いくら絶交した友人とはいえ余りいい気はしないが、今は山岸の仕打ちを気にしている場合ではなかった

今晩来るべく死神ピエロに備えるため、千博は早く鬼灯家に向かわなければならない。

しかしそうは言ってもこちらの身分は未成年。

友だちの家に泊まるためには、まず母親の許可を得る必要があった。


「母さん、今晩友だちの家に泊まりたいんだけど……」


 家に帰った千博はまずこう切り出したが、みなまで言わないうちに母が「ダメよ」と切り捨てた。

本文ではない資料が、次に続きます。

(* For a generic relaxed scenario $\mathscr{S}=(T,S,\sigma,\mu,\tau_T,\tau_S)$ it holds that $G_{=}(\mathscr{S})=\mathrm{sQO}(\mathscr{S})$ and thus $G_{=}(\mathscr{S})\subseteq\mathrm{wQO}(\mathscr{S})$. In particular, if $\mathscr{S}$ has no HGT-edges, or if $S$ and $T$ are binary, then $\mathrm{sQO}(\mathscr{S})$ is a cograph.
   Context: All trees are planted phylogenetic trees: a tree $T$ has a distinguished vertex $0_T$ of degree $1$ whose unique neighbor $\rho_T$ is the root, and every vertex other than $0_T$ and the leaves $L(T)$ has at least two children; it is binary if each such vertex has exactly two children. For $x,y\in V(T)$ write $y\preceq_T x$ if $x$ lies on the path from $0_T$ to $y$; edges are written $uv$ with $v\prec_T u$. The order extends to $V(T)\cup E(T)$: for a vertex $x$ and an edge $e=uv$, $x\preceq_T e$ iff $x\preceq_T v$, and $e\preceq_T x$ iff $u\preceq_T x$; for edges, $uv\preceq_T ab$ iff $v\preceq_T b$. Two elements are comparable if one is $\preceq$ the other. $V^0(T)=V(T)\setminus(L(T)\cup\{0_T\})$; $\mathrm{lca}_T$ denotes the last common ancestor. A time map for $T$ is $\tau_T\colon V(T)\to\mathbb{R}$ with $\tau_T(x)<\tau_T(y)$ whenever $x\prec_T y$. A relaxed scenario $\mathscr{S}=(T,S,\sigma,\mu,\tau_T,\tau_S)$ consists of a gene tree $T$ with time map $\tau_T$, a species tree $S$ with time map $\tau_S$, a map $\sigma\colon L(T)\to M$ with $M\subseteq L(S)$, and a map $\mu\colon V(T)\to V(S)\cup E(S)$ such that (S0) $\mu(x)=0_S$ iff $x=0_T$; (S1) $\mu(x)\in L(S)$ iff $x\in L(T)$, in which case $\mu(x)=\sigma(x)$; (S2) if $\mu(x)\in V(S)$ then $\tau_S(\mu(x))=\tau_T(x)$; (S3) if $\mu(x)=uv\in E(S)$ then $\tau_S(v)<\tau_T(x)<\tau_S(u)$. The EDT graph $G_{=}(\mathscr{S})$ has vertex set $L(T)$ and an edge $xy$ ($x\ne y$) iff $\tau_T(\mathrm{lca}_T(x,y))=\tau_S(\mathrm{lca}_S(\sigma(x),\sigma(y)))$. An edge $uv\in E(T)$ is an HGT-edge if $\mu(u)$ and $\mu(v)$ are incomparable in $S$. The scenario is generic if for all $v\in V^0(T)$ and $U\in V^0(S)$, $\tau_T(v)=\tau_S(U)$ implies $\mu(v)=U$. $\mathrm{wQO}(\mathscr{S})$ (weak quasi-orthology graph) has vertex set $L(T)$ and edges $xy$, $x\neq y$, with $\mu(\mathrm{lca}_T(x,y))\in V^0(S)$; $\mathrm{sQO}(\mathscr{S})$ (strict quasi-orthology graph) has vertex set $L(T)$ and edges $xy$, $x\ne y$, with $\mu(\mathrm{lca}_T(x,y))=\mathrm{lca}_S(\sigma(x),\sigma(y))$. A cograph is a graph with no induced path on four vertices. *)

theory Defs
  imports Complex_Main
begin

普段ならそこで諦めるところだが、今回ばかりはここで引くわけにはいかない。


「お願い。そこをなんとか。こないだ遊びに来た奴の――鳴郎の家なんだ。いいだろ?」

「ダメよ。アナタはまだ中学生なんだから。友だちの家に泊まるなんて……」

「そこを何とか! クラスメイトも、お互いの家に泊まったりしてるしさ」

「だからダメだっていってるじゃない! そんなに家にいたくないの?」


 母の里美は声を荒げると、黒目がちな目をうるませて千博を見詰めた。

里美は小柄で、頼りなげな雰囲気がある。

そんな彼女を悲しませるというのは、千博の中で最も避けたい行為の一つだった。

絶対許可を得なけれなならないと分かっているが、なかなかどうして、これ以上ゴネることができない。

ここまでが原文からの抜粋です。